Por *Périsson Dantas do Nascimento
As
psicoterapias corporais abrangem um corpo teórico e técnico na psicologia
clínica, que são derivadas das contribuições elaboradas por Wilhelm Reich
(1897-1957), que iniciou sua carreira como psicanalista e elaborou uma série de
inovações clínicas de inclusão do corpo no processo psicoterápico. Essas abordagens possuem um cunho holístico e
psicossomático, ou seja, consideram que o ser humano é um ser integrado
dialeticamente em suas duas dimensões constitutivas: processos mentais e
corporais, que se unem na dimensão energética.
Ao
falar em energia, na perspectiva corporal, parte-se do pressuposto que para a
manutenção das células vivas, é necessária uma produção de energia biológica
por meio do metabolismo, que queima nutrientes advindos da alimentação,
juntamente com o oxigênio do ar, produzindo calor, alimentando as células e
excretando as substâncias químicas desnecessárias. Daí a ênfase, nas
intervenções em psicoterapia corporal, na respiração como processo fundamental
para a produção de energia e a autorregulação do organismo. Além disso, para a
produção de energia, é importante que as células estejam em contínuo movimento,
outro pilar básico de intervenção nessa abordagem.
As
psicoterapias corporais trabalham com a hipótese central de que a história de
vida de cada pessoa está inscrita no corpo, na forma de tensões, fluxos
energéticos e formas específicas de expressão e constituição, para além da
genética.
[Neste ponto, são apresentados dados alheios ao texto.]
lemma replicate_0_in_zvecs: "(\<forall>m\<in>set ms. 0 < m) \<Longrightarrow> replicate (length ms) 0 \<in> zvecs ms"
  unfolding zvecs_def by auto

lemma zvecs_list_all2: "zvecs ms = {xs. list_all2 (<) xs ms}"
  unfolding zvecs_def list_all2_conv_all_nth by auto

lemma append_in_zvecs_iff:
  "length xs = length ms1 \<Longrightarrow> xs @ ys \<in> zvecs (ms1 @ ms2) \<longleftrightarrow> xs \<in> zvecs ms1 \<and> ys \<in> zvecs ms2"
  unfolding zvecs_list_all2 by (simp add: list_all2_append)

lemma zvecs_replicate_two: "xs \<in> zvecs (replicate n 2) \<longleftrightarrow> length xs = n \<and> set xs \<subseteq> {0, 1}"
proof -
  have "x \<in> {0, 1} \<longleftrightarrow> x < (2::nat)" for x by auto
  then have "set xs \<subseteq> {0, 1} \<longleftrightarrow> (\<forall>x\<in>set xs. x < 2)" by blast
  then have "set xs \<subseteq> {0, 1} \<longleftrightarrow> (\<forall>i<length xs. xs ! i < 2)" by (simp only: all_set_conv_all_nth)
  then show ?thesis unfolding zvecs_def by auto
qed

lemma bij_betw_append_zvecs:
  "bij_betw (\<lambda>(xs, ys). xs @ ys) (zvecs ms1 \<times> zvecs ms2) (zvecs (ms1 @ ms2))"
  unfolding bij_betw_def
proof
  show "inj_on (\<lambda>(xs, ys). xs @ ys) (zvecs ms1 \<times> zvecs ms2)"
    by (rule inj_onI) (auto simp: length_zvecs)
  have "xs \<in> (\<lambda>(xs, ys). xs @ ys) ` (zvecs ms1 \<times> zvecs ms2)" if xs: "xs \<in> zvecs (ms1 @ ms2)" for xs
  proof -
    have "length (take (length ms1) xs) = length ms1" using length_zvecs[OF xs] by simp
    then have "take (length ms1) xs \<in> zvecs ms1" "drop (length ms1) xs \<in> zvecs ms2"
      using append_in_zvecs_iff xs by (metis append_take_drop_id)+
    then show ?thesis by (intro image_eqI[of _ _ "(take (length ms1) xs, drop (length ms1) xs)"]) auto
  qed
  then show "(\<lambda>(xs, ys). xs @ ys) ` (zvecs ms1 \<times> zvecs ms2) = zvecs (ms1 @ ms2)"
    by (auto simp: length_zvecs append_in_zvecs_iff)
qed

definition lincomb :: "'a::comm_monoid_add list \<Rightarrow> nat list \<Rightarrow> 'a" where
  "lincomb gs xs = (\<Sum>i<length gs. nsmul (xs ! i) (gs ! i))"

definition is_basis :: "'a::comm_monoid_add list \<Rightarrow> nat list \<Rightarrow> 'a set \<Rightarrow> bool" where
  "is_basis gs ms G \<longleftrightarrow> length gs = length ms \<and> (\<forall>i<length ms. nsmul (ms ! i) (gs ! i) = 0)
     \<and> bij_betw (lincomb gs) (zvecs ms) G"

lemma lincomb_append:
  assumes "length xs = length gs"
  shows "lincomb (gs @ hs) (xs @ ys) = lincomb gs xs + lincomb hs ys"
proof -
  let ?f = "\<lambda>i. nsmul ((xs @ ys) ! i) ((gs @ hs) ! i)"
  let ?n = "length gs" and ?m = "length hs"
  have "lincomb (gs @ hs) (xs @ ys) = sum ?f {0..<?n + ?m}"
    unfolding lincomb_def by (simp add: lessThan_atLeast0)
  also have "\<dots> = sum ?f {0..<?n} + sum ?f {?n..<?n + ?m}"
    by (rule sum.atLeastLessThan_concat[symmetric]) auto
  also have "sum ?f {0..<?n} = lincomb gs xs"
    unfolding lincomb_def lessThan_atLeast0 using assms by (intro sum.cong) (auto simp: nth_append)
  also have "sum ?f {?n..<?n + ?m} = sum (\<lambda>i. ?f (i + ?n)) {0..<?m}"
    using sum.shift_bounds_nat_ivl[of ?f 0 ?n ?m] by (simp add: add.commute)
  also have "\<dots> = lincomb hs ys"
    unfolding lincomb_def lessThan_atLeast0 using assms by (intro sum.cong) (auto simp: nth_append)
  finally show ?thesis .
qed

lemma lincomb_single: "lincomb [g] [j] = nsmul j g"
  unfolding lincomb_def by simp

lemma lincomb_replicate_0:
  assumes "length gs \<le> n"
  shows "lincomb gs (replicate n 0) = 0"
proof -
  have "nsmul (replicate n 0 ! i) (gs ! i) = 0" if "i < length gs" for i
    using that assms by simp
  then show ?thesis unfolding lincomb_def by simp
qed

lemma zadd_nth: "i < length ms \<Longrightarrow> zadd ms xs ys ! i = (xs ! i + ys ! i) mod (ms ! i)"
  unfolding zadd_def by simp

lemma length_zadd [simp]: "length (zadd ms xs ys) = length ms"
  unfolding zadd_def by simp

lemma zadd_in_zvecs:
  assumes "\<forall>m\<in>set ms. 0 < m"
  shows "zadd ms xs ys \<in> zvecs ms"
  unfolding zvecs_def using assms by (simp add: zadd_nth)

lemma lincomb_zadd:
  assumes "length gs = length ms" "\<forall>i<length ms. nsmul (ms ! i) (gs ! i) = 0"
  shows "lincomb gs (zadd ms xs ys) = lincomb gs xs + lincomb gs ys"
proof -
  have "nsmul (zadd ms xs ys ! i) (gs ! i) = nsmul (xs ! i) (gs ! i) + nsmul (ys ! i) (gs ! i)"
    if "i < length gs" for i
    using assms that by (simp add: zadd_nth nsmul_mod nsmul_add)
  then show ?thesis unfolding lincomb_def by (simp add: sum.distrib)
qed

lemma basis_surj: "is_basis gs ms G \<Longrightarrow> x \<in> G \<Longrightarrow> \<exists>xs\<in>zvecs ms. x = lincomb gs xs"
  unfolding is_basis_def bij_betw_def by blast

lemma basis_inj:
  "is_basis gs ms G \<Longrightarrow> xs \<in> zvecs ms \<Longrightarrow> ys \<in> zvecs ms \<Longrightarrow> lincomb gs xs = lincomb gs ys \<Longrightarrow> xs = ys"
  unfolding is_basis_def bij_betw_def inj_on_def by blast

lemma basis_Nil: "is_basis [] [] {0}"
  unfolding is_basis_def bij_betw_def zvecs_Nil by (simp add: lincomb_def)

lemma basis_single:
  assumes "0 < m" and m: "nsmul m g = 0" and ord: "\<And>j. 0 < j \<Longrightarrow> j < m \<Longrightarrow> nsmul j g \<noteq> (0::'a::ab_group_add)"
  shows "is_basis [g] [m] (cyclic_subgroup g)"
proof -
  have "i = j" if ij: "i < m" "j < m" "nsmul i g = nsmul j g" for i j
  proof (rule ccontr)
    have diff: "nsmul (i' - j') g = 0" if "j' < i'" "nsmul i' g = nsmul j' g" for i' j'
      using that nsmul_add[of "i' - j'" j' g] by simp
    assume "i \<noteq> j"
    then consider "j < i" | "i < j" by linarith
    then show False
      by cases (use ij diff ord in \<open>metis less_imp_diff_less zero_less_diff\<close>)+
  qed
  then have inj: "inj_on (lincomb [g]) (zvecs [m])"
    unfolding zvecs_single by (auto intro!: inj_onI simp: lincomb_single)
  have "nsmul j g \<in> lincomb [g] ` zvecs [m]" for j
  proof
    show "nsmul j g = lincomb [g] [j mod m]" using nsmul_mod[OF m] by (simp add: lincomb_single)
    show "[j mod m] \<in> zvecs [m]" unfolding zvecs_single using \<open>0 < m\<close> by simp
  qed
  then have "lincomb [g] ` zvecs [m] = cyclic_subgroup g"
    unfolding cyclic_subgroup_def zvecs_single by (force simp: lincomb_single)
  moreover have "\<forall>i<length [m]. nsmul ([m] ! i) ([g] ! i) = 0" using m by simp
  ultimately show ?thesis
    unfolding is_basis_def bij_betw_def using inj by simp
qed

lemma basis_append:
  assumes B1: "is_basis gs1 ms1 G1" and B2: "is_basis gs2 ms2 G2"
    and G: "is_subgroup G1" "is_subgroup G2" "G1 \<inter> G2 = {0}"
  shows "is_basis (gs1 @ gs2) (ms1 @ ms2) (G1 + G2)"
proof -
  have len: "length gs1 = length ms1" "length gs2 = length ms2"
    using B1 B2 unfolding is_basis_def by auto
  have "nsmul ((ms1 @ ms2) ! i) ((gs1 @ gs2) ! i) = 0" if "i < length (ms1 @ ms2)" for i
  proof (cases "i < length ms1")
    case False
    then have "i - length ms1 < length ms2" using that by simp
    then show ?thesis using B2 False len unfolding is_basis_def by (simp add: nth_append)
  qed (use B1 len in \<open>simp add: nth_append is_basis_def\<close>)
  moreover have "bij_betw (map_prod (lincomb gs1) (lincomb gs2)) (zvecs ms1 \<times> zvecs ms2) (G1 \<times> G2)"
    using B1 B2 unfolding is_basis_def by (intro bij_betw_map_prod) simp_all
  then have "bij_betw ((\<lambda>(a, b). a + b) \<circ> map_prod (lincomb gs1) (lincomb gs2))
      (zvecs ms1 \<times> zvecs ms2) (G1 + G2)"
    using bij_betw_set_plus[OF G] by (rule bij_betw_trans)
  then have "bij_betw (lincomb (gs1 @ gs2) \<circ> (\<lambda>(xs, ys). xs @ ys)) (zvecs ms1 \<times> zvecs ms2) (G1 + G2)"
    by (rule bij_betw_cong[THEN iffD1, rotated]) (auto simp: lincomb_append length_zvecs len)
  then have "bij_betw (lincomb (gs1 @ gs2)) (zvecs (ms1 @ ms2)) (G1 + G2)"
    using bij_betw_comp_iff[OF bij_betw_append_zvecs] by blast
  ultimately show ?thesis
    using len unfolding is_basis_def by simp
qed

lemma prod_iso_of_basis:
  assumes B: "is_basis gs ms P" and P: "is_subgroup P" and Q: "is_subgroup Q"
    and PQ: "P \<inter> Q = {0}" "P + Q = UNIV"
  shows "prod_iso ms Q (lincomb gs)"
proof -
  have "bij_betw (map_prod (lincomb gs) id) (zvecs ms \<times> Q) (P \<times> Q)"
    using B unfolding is_basis_def by (intro bij_betw_map_prod bij_betw_id) simp
  then have "bij_betw ((\<lambda>(a, b). a + b) \<circ> map_prod (lincomb gs) id) (zvecs ms \<times> Q) UNIV"
    using bij_betw_set_plus[OF P Q PQ(1)] PQ(2) by (metis bij_betw_trans)
  moreover have "(\<lambda>(a, b). a + b) \<circ> map_prod (lincomb gs) id = (\<lambda>(xs, q). lincomb gs xs + q)"
    by auto
  moreover have "lincomb gs (zadd ms xs ys) = lincomb gs xs + lincomb gs ys" for xs ys
    using B unfolding is_basis_def by (intro lincomb_zadd) auto
  ultimately show ?thesis
    using Q unfolding prod_iso_def by simp
qed

lemma prod_iso_hom:
  "prod_iso ms Q \<phi> \<Longrightarrow> xs \<in> zvecs ms \<Longrightarrow> ys \<in> zvecs ms \<Longrightarrow> \<phi> (zadd ms xs ys) = \<phi> xs + \<phi> ys"
  unfolding prod_iso_def by blast

lemma prod_iso_surj:
  assumes "prod_iso ms Q \<phi>"
  obtains xs q where "xs \<in> zvecs ms" "q \<in> Q" "v = \<phi> xs + q"
proof -
  have "v \<in> (\<lambda>(xs, q). \<phi> xs + q) ` (zvecs ms \<times> Q)"
    using assms unfolding prod_iso_def bij_betw_def by simp
  then show ?thesis using that by auto
qed

lemma prod_iso_inj:
  assumes "prod_iso ms Q \<phi>" "xs \<in> zvecs ms" "ys \<in> zvecs ms" "p \<in> Q" "q \<in> Q" "\<phi> xs + p = \<phi> ys + q"
  shows "xs = ys \<and> p = q"
proof -
  have "inj_on (\<lambda>(xs, q). \<phi> xs + q) (zvecs ms \<times> Q)"
    using assms(1) unfolding prod_iso_def bij_betw_def by blast
  then have "(xs, p) = (ys, q)"
    using assms(2-6) unfolding inj_on_def by auto
  then show ?thesis by simp
qed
Dificuldades e frustrações vividas no desenvolvimento infantil
repercutem em fixações, mais especificamente, em traumas de desenvolvimento,
que desencadeiam na pessoa a necessidade de construir defesas para evitar
entrar em contato com as experiências desagradáveis. Quando uma frustração é
vivida repetida e intensamente, essas defesas configuram um padrão rígido de
funcionamento na vida, de forma a proteger a pessoa de reviver experiências de
vulnerabilidade na relação com as pessoas na vida adulta. Tal conjunto de
defesas, que se enraízam e protegem o ego do sujeito, é definido em psicoterapia
corporal como estrutura de caráter, sendo a base de compreensão dos sintomas
neuróticos.
Como
trabalhamos com um raciocínio integrativo, é necessário entender que esse
complexo sistema de defesas também está ancorado no corpo. Os traumas de
desenvolvimento provocam uma alteração na regulação do sistema nervoso
autônomo, que prepara o corpo para reagir a ameaças e estímulos estressores.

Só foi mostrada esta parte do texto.